(* Let $X,Y$ be finite sets with $\max\{|X|,|Y|\}\le N<\infty$, $c\in\mathbb R_+^{X\times Y}$, and let $\mu\in\mathcal P(X)$, $\nu\in\mathcal P(Y)$ satisfy $\mu=r/M$, $\nu=s/M$ for a positive integer $M$ and vectors $r\in\mathbb Z_{++}^X$, $s\in\mathbb Z_{++}^Y$ of strictly positive integers. Let $\varepsilon_1>\varepsilon_2>0$ and let $(\alpha_a,\beta_a)$ be a maximizer of $J_{\varepsilon_a}$ for $a=1,2$. Set $\Delta\alpha=\alpha_2-\alpha_1$, $\Delta\beta=\beta_2-\beta_1$. Then $$\max\Delta\alpha-\min\Delta\alpha\le\varepsilon_1 N(4\log N+24\log M),\qquad\max\Delta\beta-\min\Delta\beta\le\varepsilon_1N(4\log N+24\log M).$$
   Context: For $\varepsilon>0$, $K_\varepsilon(x,y)=\exp(-c(x,y)/\varepsilon)\mu(x)\nu(y)$ and the dual entropic optimal transport functional is $J_\varepsilon(\alpha,\beta)=\langle\alpha,\mu\rangle+\langle\beta,\nu\rangle-\varepsilon\sum_{x,y}K_\varepsilon(x,y)\big(\exp((\alpha(x)+\beta(y))/\varepsilon)-1\big)$ for $\alpha\in\mathbb R^X,\beta\in\mathbb R^Y$. $\max\Delta\alpha$ denotes the largest entry of the vector $\Delta\alpha$ (similarly $\min$). *)

theory Defs
  imports "HOL-Analysis.Analysis"
begin

text \<open>Finite sets X, Y are represented by finite types 'x, 'y. Vectors are functions.\<close>

definition Kmat :: "real \<Rightarrow> ('x \<Rightarrow> 'y \<Rightarrow> real) \<Rightarrow> ('x \<Rightarrow> real) \<Rightarrow> ('y \<Rightarrow> real) \<Rightarrow> 'x \<Rightarrow> 'y \<Rightarrow> real" where
  "Kmat \<epsilon> c \<mu> \<nu> x y = exp (- c x y / \<epsilon>) * \<mu> x * \<nu> y"

definition Jdual :: "real \<Rightarrow> ('x::finite \<Rightarrow> 'y::finite \<Rightarrow> real) \<Rightarrow> ('x \<Rightarrow> real) \<Rightarrow> ('y \<Rightarrow> real)
                      \<Rightarrow> ('x \<Rightarrow> real) \<Rightarrow> ('y \<Rightarrow> real) \<Rightarrow> real" where
  "Jdual \<epsilon> c \<mu> \<nu> \<alpha> \<beta> =
     (\<Sum>x\<in>UNIV. \<alpha> x * \<mu> x) + (\<Sum>y\<in>UNIV. \<beta> y * \<nu> y)
     - \<epsilon> * (\<Sum>x\<in>UNIV. \<Sum>y\<in>UNIV. Kmat \<epsilon> c \<mu> \<nu> x y * (exp ((\<alpha> x + \<beta> y) / \<epsilon>) - 1))"

definition is_maximizer_J :: "real \<Rightarrow> ('x::finite \<Rightarrow> 'y::finite \<Rightarrow> real) \<Rightarrow> ('x \<Rightarrow> real) \<Rightarrow> ('y \<Rightarrow> real)
                      \<Rightarrow> ('x \<Rightarrow> real) \<Rightarrow> ('y \<Rightarrow> real) \<Rightarrow> bool" where
  "is_maximizer_J \<epsilon> c \<mu> \<nu> \<alpha> \<beta> \<longleftrightarrow> (\<forall>\<alpha>' \<beta>'. Jdual \<epsilon> c \<mu> \<nu> \<alpha>' \<beta>' \<le> Jdual \<epsilon> c \<mu> \<nu> \<alpha> \<beta>)"

end

theory Submission
  imports Defs
begin

text \<open>
  By the first-order conditions, a maximizer of \<open>J\<^sub>\<epsilon>\<close> yields the Gibbs plan
  \<open>\<mu>(x) \<nu>(y) exp((\<alpha>(x) + \<beta>(y) - c(x,y))/\<epsilon>)\<close> with marginals \<open>\<mu>, \<nu>\<close>; since
  \<open>\<nu> \<ge> 1/M\<close>, its exponent is at most \<open>\<epsilon> ln M\<close>. With \<open>u = \<Delta>\<alpha>\<close> and \<open>v = \<Delta>\<beta>\<close>, the exponents
  of the two plans differ by \<open>u(x) + v(y)\<close>. Take a gap \<open>a < b\<close> between consecutive values of
  \<open>u\<close> and \<open>-v\<close> together, and cut along \<open>S = {u \<ge> b}\<close>, \<open>T = {-v \<ge> b}\<close>: on \<open>S \<times> T\<^sup>c\<close> the
  difference is \<open>\<ge> b - a\<close>, on \<open>S\<^sup>c \<times> T\<close> it is \<open>\<le> a - b\<close>. Both plans carry the same net mass
  \<open>\<mu>(S) - \<nu>(T) \<in> \<int>/M\<close> across the cut. If it is nonzero, one plan puts mass \<open>\<ge> 1/M\<close> on a block
  where its exponent is \<open>\<le> \<epsilon> ln M - (b - a)\<close>; if it is zero, the two blocks have equal mass
  in both plans, and comparing the largest exponents of the blocks does the job. Either way
  \<open>b - a \<le> (\<epsilon>\<^sub>1 + \<epsilon>\<^sub>2) ln M\<close>, and there are fewer than \<open>2N\<close> gaps.
\<close>

lemma sum_UNIV_split_Compl: "sum f (UNIV :: 'a::finite set) = sum f A + sum f (- A)"
  by (simp add: sum.subset_diff[of A UNIV] Compl_eq_Diff_UNIV add.commute)

lemma finite_ex_argmax:
  fixes f :: "'a \<Rightarrow> 'b::linorder"
  assumes "finite A" "A \<noteq> {}"
  shows "\<exists>a\<in>A. \<forall>b\<in>A. f b \<le> f a"
proof -
  have "Max (f ` A) \<in> f ` A"
    using assms by simp
  then obtain a where "a \<in> A" "f a = Max (f ` A)"
    by auto
  then show ?thesis using assms(1) by (metis Max_ge finite_imageI imageI)
qed

lemma Max_range_diff_Min_range_le:
  fixes f :: "'a::finite \<Rightarrow> real"
  assumes "\<And>x x'. f x - f x' \<le> D"
  shows "Max (range f) - Min (range f) \<le> D"
proof -
  have "Max (range f) \<in> range f" "Min (range f) \<in> range f"
    by simp_all
  then obtain x x' where "Max (range f) = f x" "Min (range f) = f x'"
    by blast
  then show ?thesis using assms by simp
qed

lemma Max_diff_Min_le_card_mult_gap:
  fixes V :: "real set"
  assumes "finite V" "V \<noteq> {}"
    and "\<And>a b. a \<in> V \<Longrightarrow> b \<in> V \<Longrightarrow> a < b \<Longrightarrow> V \<inter> {a<..<b} = {} \<Longrightarrow> b - a \<le> G"
  shows "Max V - Min V \<le> real (card V - 1) * G"
  using assms
proof (induction "card V" arbitrary: V)
  case 0
  then show ?case by simp
next
  case (Suc n)
  define m where "m = Max V"
  define V' where "V' = V - {m}"
  show ?case
  proof (cases "V' = {}")
    case True
    then have "V = {m}" using Suc.prems unfolding V'_def m_def by auto
    then show ?thesis by simp
  next
    case False
    have m: "m \<in> V" "\<And>z. z \<in> V \<Longrightarrow> z \<le> m"
      unfolding m_def using Suc.prems by auto
    have V': "finite V'" "card V' = n" "V' \<subseteq> V"
      unfolding V'_def using Suc m by auto
    define m' where "m' = Max V'"
    have m': "m' \<in> V'" "\<And>z. z \<in> V' \<Longrightarrow> z \<le> m'"
      unfolding m'_def using V'(1) False by auto
    have "m' < m"
      using m m' V'(3) unfolding V'_def by force
    have below_m: "z \<le> m'" if "z \<in> V" "z \<noteq> m" for z
      using that m'(2) unfolding V'_def by blast
    have "m - m' \<le> G"
      using Suc.prems(3)[of m' m] m m' V'(3) \<open>m' < m\<close> below_m by fastforce
    moreover have "Max V' - Min V' \<le> real (card V' - 1) * G"
    proof (rule Suc.hyps(1)[OF V'(2)[symmetric] V'(1) False])
      fix a b assume "a \<in> V'" "b \<in> V'" "a < b" "V' \<inter> {a<..<b} = {}"
      moreover have "b \<le> m" using \<open>b \<in> V'\<close> V'(3) m(2) by blast
      then have "m \<notin> {a<..<b}" by simp
      ultimately show "b - a \<le> G"
        using Suc.prems(3)[of a b] V'(3) unfolding V'_def by blast
    qed
    moreover have "Min V \<in> V'"
      using Suc.prems(1,2) m'(1) V'(3) \<open>m' < m\<close> unfolding V'_def
      by (metis DiffI Min_in Min_le insert_iff not_le order.strict_trans1 singleton_iff subset_iff)
    then have "Min V' \<le> Min V" using V'(1) by simp
    moreover have "n \<ge> 1"
      using V'(1,2) False by (metis card_0_eq less_one not_le)
    then have "real (card V - 1) = real (card V' - 1) + 1"
      using V'(2) Suc.hyps(2)[symmetric] by simp
    ultimately show ?thesis
      unfolding m_def m'_def by (simp add: algebra_simps)
  qed
qed

lemma Jdual_update_fst:
  "Jdual e c \<mu> \<nu> (\<alpha>(x := \<alpha> x + t)) \<beta> = Jdual e c \<mu> \<nu> \<alpha> \<beta> + t * \<mu> x
     - e * (exp (t / e) - 1) * (\<Sum>y\<in>UNIV. Kmat e c \<mu> \<nu> x y * exp ((\<alpha> x + \<beta> y) / e))"
proof -
  have row: "(\<Sum>y\<in>UNIV. Kmat e c \<mu> \<nu> x y * (exp ((\<alpha> x + t + \<beta> y) / e) - 1))
      = (\<Sum>y\<in>UNIV. Kmat e c \<mu> \<nu> x y * (exp ((\<alpha> x + \<beta> y) / e) - 1))
        + (exp (t / e) - 1) * (\<Sum>y\<in>UNIV. Kmat e c \<mu> \<nu> x y * exp ((\<alpha> x + \<beta> y) / e))"
    unfolding sum_distrib_left sum.distrib[symmetric]
    by (rule sum.cong) (simp_all add: algebra_simps add_divide_distrib flip: exp_add)
  have "(\<Sum>x'\<in>UNIV. (\<alpha>(x := \<alpha> x + t)) x' * \<mu> x')
      = (\<Sum>x'\<in>UNIV. \<alpha> x' * \<mu> x' + (if x' = x then t * \<mu> x else 0))"
    by (rule sum.cong) (auto simp: algebra_simps)
  also have "\<dots> = (\<Sum>x'\<in>UNIV. \<alpha> x' * \<mu> x') + t * \<mu> x"
    by (simp add: sum.distrib)
  finally have lin: "(\<Sum>x'\<in>UNIV. (\<alpha>(x := \<alpha> x + t)) x' * \<mu> x') = (\<Sum>x'\<in>UNIV. \<alpha> x' * \<mu> x') + t * \<mu> x" .
  have "(\<Sum>x'\<in>UNIV. \<Sum>y\<in>UNIV. Kmat e c \<mu> \<nu> x' y * (exp (((\<alpha>(x := \<alpha> x + t)) x' + \<beta> y) / e) - 1))
      = (\<Sum>x'\<in>UNIV. (\<Sum>y\<in>UNIV. Kmat e c \<mu> \<nu> x' y * (exp ((\<alpha> x' + \<beta> y) / e) - 1))
          + (if x' = x then (exp (t / e) - 1) * (\<Sum>y\<in>UNIV. Kmat e c \<mu> \<nu> x y * exp ((\<alpha> x + \<beta> y) / e)) else 0))"
    by (rule sum.cong) (auto simp: row)
  also have "\<dots> = (\<Sum>x'\<in>UNIV. \<Sum>y\<in>UNIV. Kmat e c \<mu> \<nu> x' y * (exp ((\<alpha> x' + \<beta> y) / e) - 1))
      + (exp (t / e) - 1) * (\<Sum>y\<in>UNIV. Kmat e c \<mu> \<nu> x y * exp ((\<alpha> x + \<beta> y) / e))"
    by (simp add: sum.distrib)
  finally have exp_part: "(\<Sum>x'\<in>UNIV. \<Sum>y\<in>UNIV. Kmat e c \<mu> \<nu> x' y * (exp (((\<alpha>(x := \<alpha> x + t)) x' + \<beta> y) / e) - 1))
      = (\<Sum>x'\<in>UNIV. \<Sum>y\<in>UNIV. Kmat e c \<mu> \<nu> x' y * (exp ((\<alpha> x' + \<beta> y) / e) - 1))
      + (exp (t / e) - 1) * (\<Sum>y\<in>UNIV. Kmat e c \<mu> \<nu> x y * exp ((\<alpha> x + \<beta> y) / e))" .
  show ?thesis
    unfolding Jdual_def lin exp_part by (simp add: algebra_simps)
qed

lemma maximizer_row_marginal:
  assumes "is_maximizer_J e c \<mu> \<nu> \<alpha> \<beta>" and "e > 0"
  shows "(\<Sum>y\<in>UNIV. Kmat e c \<mu> \<nu> x y * exp ((\<alpha> x + \<beta> y) / e)) = \<mu> x"
proof -
  define W where "W = (\<Sum>y\<in>UNIV. Kmat e c \<mu> \<nu> x y * exp ((\<alpha> x + \<beta> y) / e))"
  define f where "f t = t * \<mu> x - e * (exp (t / e) - 1) * W" for t
  have max_at_0: "\<forall>t. \<bar>0 - t\<bar> < 1 \<longrightarrow> f t \<le> f 0"
  proof (intro allI impI)
    fix t
    have "Jdual e c \<mu> \<nu> (\<alpha>(x := \<alpha> x + t)) \<beta> \<le> Jdual e c \<mu> \<nu> \<alpha> \<beta>"
      using assms(1) unfolding is_maximizer_J_def by blast
    then show "f t \<le> f 0" unfolding Jdual_update_fst f_def W_def by simp
  qed
  have "(f has_real_derivative \<mu> x - W) (at 0)"
    unfolding f_def using \<open>e > 0\<close> by (auto intro!: derivative_eq_intros)
  then have "\<mu> x - W = 0"
    using zero_less_one max_at_0 by (rule DERIV_local_max)
  then show ?thesis unfolding W_def by simp
qed

definition gibbs_plan :: "real \<Rightarrow> ('x \<Rightarrow> real) \<Rightarrow> ('y \<Rightarrow> real) \<Rightarrow> ('x \<Rightarrow> 'y \<Rightarrow> real) \<Rightarrow> 'x \<Rightarrow> 'y \<Rightarrow> real" where
  "gibbs_plan e \<mu> \<nu> w x y = \<mu> x * \<nu> y * exp (w x y / e)"

definition has_marginals :: "('x::finite \<Rightarrow> 'y::finite \<Rightarrow> real) \<Rightarrow> ('x \<Rightarrow> real) \<Rightarrow> ('y \<Rightarrow> real) \<Rightarrow> bool" where
  "has_marginals \<pi> \<mu> \<nu> \<longleftrightarrow> (\<forall>x. (\<Sum>y\<in>UNIV. \<pi> x y) = \<mu> x) \<and> (\<forall>y. (\<Sum>x\<in>UNIV. \<pi> x y) = \<nu> y)"
(* 1. $\mathrm{DCFL}\cap\mathrm{1RFA}/Rn\nsubseteq\mathrm{REG}/n$. 2. $\mathrm{1RFA}/Rn\nsubseteq\mathrm{CFL}/n$.
   Context: $\mathrm{DCFL}$ is the family of deterministic context-free languages. For equal-length strings $x,y$, $\genfrac{[}{]}{0pt}{}{x}{y}$ is the two-track string with $x$ on the upper track and $y$ on the lower track. $\mathrm{REG}/n$ (resp. $\mathrm{CFL}/n$) is the family of languages $L$ for which there exist a one-way deterministic finite automaton (resp. one-way nondeterministic pushdown automaton) $M$, an advice alphabet $\Gamma$ and an advice function $h:\mathbb{N}\to\Gamma^*$ with $|h(n)|=n$ such that $x\in L$ iff $M$ accepts $\genfrac{[}{]}{0pt}{}{x}{h(|x|)}$. A 1rfa is a one-way deterministic finite automaton satisfying the reversibility condition (for every state $q$ and tape symbol $\sigma$ at most one $q'$ with $\delta(q',\sigma)=q$). $\mathrm{1RFA}/Rn$ is the family of languages $L$ for which there exist a 1rfa $M$, an error bound $\varepsilon\in[0,1/2)$, an advice alphabet $\Gamma$ and randomized advice, i.e. a probability ensemble $\{D_n\}_{n\in\mathbb{N}}$ with $D_n$ a distribution on $\Gamma^n$, such that for every $n$ and $x\in\Sigma^n$, $M$ on $\genfrac{[}{]}{0pt}{}{x}{y}$ outputs $L(x)$ with probability at least $1-\varepsilon$ when $y$ is drawn according to $D_n$. *)

theory Defs
  imports "HOL-Probability.Probability_Mass_Function"
begin

text \<open>Languages are sets of words over a finite alphabet \<open>\<Sigma> :: nat set\<close>
  (every finite alphabet can be coded into nat).  Two-track strings over \<open>\<Sigma> \<times> \<Gamma>\<close> are
  represented by \<open>zip x y\<close> for equal-length \<open>x, y\<close>.\<close>

record 'i dfa =
  d_states :: "nat set"
  d_init   :: nat
  d_delta  :: "nat \<Rightarrow> 'i \<Rightarrow> nat"
  d_final  :: "nat set"

definition dfa :: "'i set \<Rightarrow> 'i dfa \<Rightarrow> bool" where
  "dfa A M \<longleftrightarrow> finite (d_states M) \<and> d_init M \<in> d_states M \<and> d_final M \<subseteq> d_states M \<and>
     (\<forall>q\<in>d_states M. \<forall>a\<in>A. d_delta M q a \<in> d_states M)"

definition dfa_accepts :: "'i dfa \<Rightarrow> 'i list \<Rightarrow> bool" where
  "dfa_accepts M w \<longleftrightarrow> foldl (d_delta M) (d_init M) w \<in> d_final M"

definition rfa :: "'i set \<Rightarrow> 'i dfa \<Rightarrow> bool" where
  "rfa A M \<longleftrightarrow> dfa A M \<and>
     (\<forall>q\<in>d_states M. \<forall>a\<in>A. \<forall>q1\<in>d_states M. \<forall>q2\<in>d_states M.
        d_delta M q1 a = q \<and> d_delta M q2 a = q \<longrightarrow> q1 = q2)"

record 'i pda =
  p_states :: "nat set"
  p_stack  :: "nat set"
  p_init   :: nat
  p_bottom :: nat
  p_final  :: "nat set"
  p_trans  :: "(nat \<times> 'i option \<times> nat \<times> nat \<times> nat list) set"

definition pda :: "'i set \<Rightarrow> 'i pda \<Rightarrow> bool" where
  "pda A M \<longleftrightarrow> finite (p_states M) \<and> finite (p_stack M) \<and>
     p_init M \<in> p_states M \<and> p_bottom M \<in> p_stack M \<and> p_final M \<subseteq> p_states M \<and>
     finite (p_trans M) \<and>
     (\<forall>(q, a, Z, p, \<alpha>) \<in> p_trans M. q \<in> p_states M \<and> p \<in> p_states M \<and>
        Z \<in> p_stack M \<and> set \<alpha> \<subseteq> p_stack M \<and> (\<forall>b. a = Some b \<longrightarrow> b \<in> A))"

text \<open>Configurations: (state, remaining input, stack with top first).\<close>
definition pda_step :: "'i pda \<Rightarrow> nat \<times> 'i list \<times> nat list \<Rightarrow> nat \<times> 'i list \<times> nat list \<Rightarrow> bool" where
  "pda_step M c c' \<longleftrightarrow> (case c of (q, w, s) \<Rightarrow> case c' of (p, w', s') \<Rightarrow>
     (\<exists>Z \<gamma> \<alpha>. s = Z # \<gamma> \<and> s' = \<alpha> @ \<gamma> \<and>
        ((\<exists>a. w = a # w' \<and> (q, Some a, Z, p, \<alpha>) \<in> p_trans M) \<or>
         (w' = w \<and> (q, None, Z, p, \<alpha>) \<in> p_trans M))))"

definition pda_accepts :: "'i pda \<Rightarrow> 'i list \<Rightarrow> bool" where
  "pda_accepts M w \<longleftrightarrow> (\<exists>p \<gamma>. p \<in> p_final M \<and>
      (pda_step M)\<^sup>*\<^sup>* (p_init M, w, [p_bottom M]) (p, [], \<gamma>))"
lemma cross4_parallel_frame_iff:
  fixes a b c d a' b' c' d' :: real
  assumes o: "orthonormal4 e1 e2 e3 e4"
  defines "Pt \<equiv> a *\<^sub>R e1 + b *\<^sub>R e2 + c *\<^sub>R e3 + d *\<^sub>R e4"
    and "Pq \<equiv> a' *\<^sub>R e1 + b' *\<^sub>R e2 + c' *\<^sub>R e3 + d' *\<^sub>R e4"
  shows "(\<exists>k. cross4 e1 Pt Pq = k *\<^sub>R e2) \<longleftrightarrow> b * d' = d * b' \<and> c * b' = b * c'"
proof -
  let ?D = "cross4 e1 Pt Pq"
  have "det (frame_matrix e1 e2 e3 e4) \<noteq> 0"
    using det_orthogonal_matrix[OF orthogonal_matrix_frame_matrix[OF o]] by auto
  then have "?D \<bullet> e3 = 0 \<and> ?D \<bullet> e4 = 0 \<longleftrightarrow> b * d' = d * b' \<and> c * b' = b * c'"
    using cross4_frame_coordinates[OF o, of a b c d a' b' c' d'] unfolding Pt_def Pq_def
    by (metis eq_iff_diff_eq_0 mult_eq_0_iff)
  moreover have "(\<exists>k. ?D = k *\<^sub>R e2) \<longleftrightarrow> ?D \<bullet> e3 = 0 \<and> ?D \<bullet> e4 = 0"
  proof
    assume "?D \<bullet> e3 = 0 \<and> ?D \<bullet> e4 = 0"
    then have "?D = (?D \<bullet> e2) *\<^sub>R e2"
      using orthonormal4_expansion[OF o, of ?D] cross4_inner_first[of e1 Pt Pq] by simp
    then show "\<exists>k. ?D = k *\<^sub>R e2" ..
  qed (auto simp: orthonormal4_inner[OF o])
  ultimately show ?thesis by simp
qed

lemma lin_indep3_frame_iff:
  fixes a b c d a' b' c' d' :: real
  assumes o: "orthonormal4 e1 e2 e3 e4"
  defines "Pt \<equiv> a *\<^sub>R e1 + b *\<^sub>R e2 + c *\<^sub>R e3 + d *\<^sub>R e4"
    and "Pq \<equiv> a' *\<^sub>R e1 + b' *\<^sub>R e2 + c' *\<^sub>R e3 + d' *\<^sub>R e4"
  shows "lin_indep3 e1 Pt Pq \<longleftrightarrow> b * c' \<noteq> c * b' \<or> b * d' \<noteq> d * b' \<or> c * d' \<noteq> d * c'"
proof -
  have "\<alpha> *\<^sub>R e1 + \<beta> *\<^sub>R Pt + \<gamma> *\<^sub>R Pq =
      (\<alpha> + \<beta>*a + \<gamma>*a') *\<^sub>R e1 + (\<beta>*b + \<gamma>*b') *\<^sub>R e2 + (\<beta>*c + \<gamma>*c') *\<^sub>R e3 + (\<beta>*d + \<gamma>*d') *\<^sub>R e4"
    for \<alpha> \<beta> \<gamma>
    by (simp add: Pt_def Pq_def algebra_simps)
  then have "lin_indep3 e1 Pt Pq \<longleftrightarrow>
      (\<forall>\<alpha> \<beta> \<gamma>. \<alpha> + \<beta>*a + \<gamma>*a' = 0 \<and> \<beta>*b + \<gamma>*b' = 0 \<and> \<beta>*c + \<gamma>*c' = 0 \<and> \<beta>*d + \<gamma>*d' = 0
         \<longrightarrow> \<alpha> = 0 \<and> \<beta> = 0 \<and> \<gamma> = 0)"
    by (simp add: lin_indep3_def orthonormal4_combination_eq_0_iff[OF o])
  also have "\<dots> \<longleftrightarrow> (\<forall>\<beta> \<gamma>. \<beta>*b + \<gamma>*b' = 0 \<and> \<beta>*c + \<gamma>*c' = 0 \<and> \<beta>*d + \<gamma>*d' = 0 \<longrightarrow> \<beta> = 0 \<and> \<gamma> = 0)"
  proof (intro iffI allI impI)
    fix \<beta> \<gamma>
    assume H: "\<forall>\<alpha> \<beta> \<gamma>. \<alpha> + \<beta>*a + \<gamma>*a' = 0 \<and> \<beta>*b + \<gamma>*b' = 0 \<and> \<beta>*c + \<gamma>*c' = 0 \<and> \<beta>*d + \<gamma>*d' = 0
         \<longrightarrow> \<alpha> = 0 \<and> \<beta> = 0 \<and> \<gamma> = 0"
      and eqs: "\<beta>*b + \<gamma>*b' = 0 \<and> \<beta>*c + \<gamma>*c' = 0 \<and> \<beta>*d + \<gamma>*d' = 0"
    have "- (\<beta>*a + \<gamma>*a') + \<beta>*a + \<gamma>*a' = 0"
      by simp
    with eqs show "\<beta> = 0 \<and> \<gamma> = 0"
      using H by blast
  next
    fix \<alpha> \<beta> \<gamma>
    assume H: "\<forall>\<beta> \<gamma>. \<beta>*b + \<gamma>*b' = 0 \<and> \<beta>*c + \<gamma>*c' = 0 \<and> \<beta>*d + \<gamma>*d' = 0 \<longrightarrow> \<beta> = 0 \<and> \<gamma> = 0"
      and eqs: "\<alpha> + \<beta>*a + \<gamma>*a' = 0 \<and> \<beta>*b + \<gamma>*b' = 0 \<and> \<beta>*c + \<gamma>*c' = 0 \<and> \<beta>*d + \<gamma>*d' = 0"
    then have "\<beta> = 0 \<and> \<gamma> = 0"
      by blast
    with eqs show "\<alpha> = 0 \<and> \<beta> = 0 \<and> \<gamma> = 0"
      by simp
  qed
  finally show ?thesis
    unfolding pair_independent_iff_minors .
qed

lemma isogeodesic_frame_condition_iff:
  fixes a b c d a' b' c' d' :: real
  assumes o: "orthonormal4 e1 e2 e3 e4"
  defines "Pt \<equiv> a *\<^sub>R e1 + b *\<^sub>R e2 + c *\<^sub>R e3 + d *\<^sub>R e4"
    and "Pq \<equiv> a' *\<^sub>R e1 + b' *\<^sub>R e2 + c' *\<^sub>R e3 + d' *\<^sub>R e4"
  shows "lin_indep3 e1 Pt Pq \<and> (\<exists>k. cross4 e1 Pt Pq = k *\<^sub>R e2) \<longleftrightarrow>
           b = 0 \<and> b' = 0 \<and> c * d' - d * c' \<noteq> 0"
proof -
  have "b * (c * d' - d * c') = c * (b * d' - d * b') + d * (c * b' - b * c')"
    "b' * (c * d' - d * c') = d' * (c * b' - b * c') + c' * (b * d' - d * b')"
    by (simp_all add: algebra_simps)
  then show ?thesis
    unfolding Pt_def Pq_def lin_indep3_frame_iff[OF o] cross4_parallel_frame_iff[OF o]
  proof (intro iffI)
    assume "(b * c' \<noteq> c * b' \<or> b * d' \<noteq> d * b' \<or> c * d' \<noteq> d * c') \<and>
        b * d' = d * b' \<and> c * b' = b * c'"
    then have minors: "c * d' - d * c' \<noteq> 0" "b * d' - d * b' = 0" "c * b' - b * c' = 0"
      by (auto simp: mult.commute)
    with \<open>b * (c * d' - d * c') = _\<close> \<open>b' * (c * d' - d * c') = _\<close>
    have "b * (c * d' - d * c') = 0" "b' * (c * d' - d * c') = 0"
      by (simp_all only: mult_zero_right add_0_right)
    with minors show "b = 0 \<and> b' = 0 \<and> c * d' - d * c' \<noteq> 0"
      by simp
  qed auto
qed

-------

* [TASK GOAL] In the entries above, find the line with "by (rule sum.cong) (auto simp: row)" and the line with "t\<bar> < 1", then set down exactly those two and every line between them, nothing else.

* [REPLY TO THE EXERCISE]
    by (rule sum.cong) (auto simp: row)
  also have "\<dots> = (\<Sum>x'\<in>UNIV. \<Sum>y\<in>UNIV. Kmat e c \<mu> \<nu> x' y * (exp ((\<alpha> x' + \<beta> y) / e) - 1))
      + (exp (t / e) - 1) * (\<Sum>y\<in>UNIV. Kmat e c \<mu> \<nu> x y * exp ((\<alpha> x + \<beta> y) / e))"
    by (simp add: sum.distrib)
  finally have exp_part: "(\<Sum>x'\<in>UNIV. \<Sum>y\<in>UNIV. Kmat e c \<mu> \<nu> x' y * (exp (((\<alpha>(x := \<alpha> x + t)) x' + \<beta> y) / e) - 1))
      = (\<Sum>x'\<in>UNIV. \<Sum>y\<in>UNIV. Kmat e c \<mu> \<nu> x' y * (exp ((\<alpha> x' + \<beta> y) / e) - 1))
      + (exp (t / e) - 1) * (\<Sum>y\<in>UNIV. Kmat e c \<mu> \<nu> x y * exp ((\<alpha> x + \<beta> y) / e))" .
  show ?thesis
    unfolding Jdual_def lin exp_part by (simp add: algebra_simps)
qed

lemma maximizer_row_marginal:
  assumes "is_maximizer_J e c \<mu> \<nu> \<alpha> \<beta>" and "e > 0"
  shows "(\<Sum>y\<in>UNIV. Kmat e c \<mu> \<nu> x y * exp ((\<alpha> x + \<beta> y) / e)) = \<mu> x"
proof -
  define W where "W = (\<Sum>y\<in>UNIV. Kmat e c \<mu> \<nu> x y * exp ((\<alpha> x + \<beta> y) / e))"
  define f where "f t = t * \<mu> x - e * (exp (t / e) - 1) * W" for t
  have max_at_0: "\<forall>t. \<bar>0 - t\<bar> < 1 \<longrightarrow> f t \<le> f 0"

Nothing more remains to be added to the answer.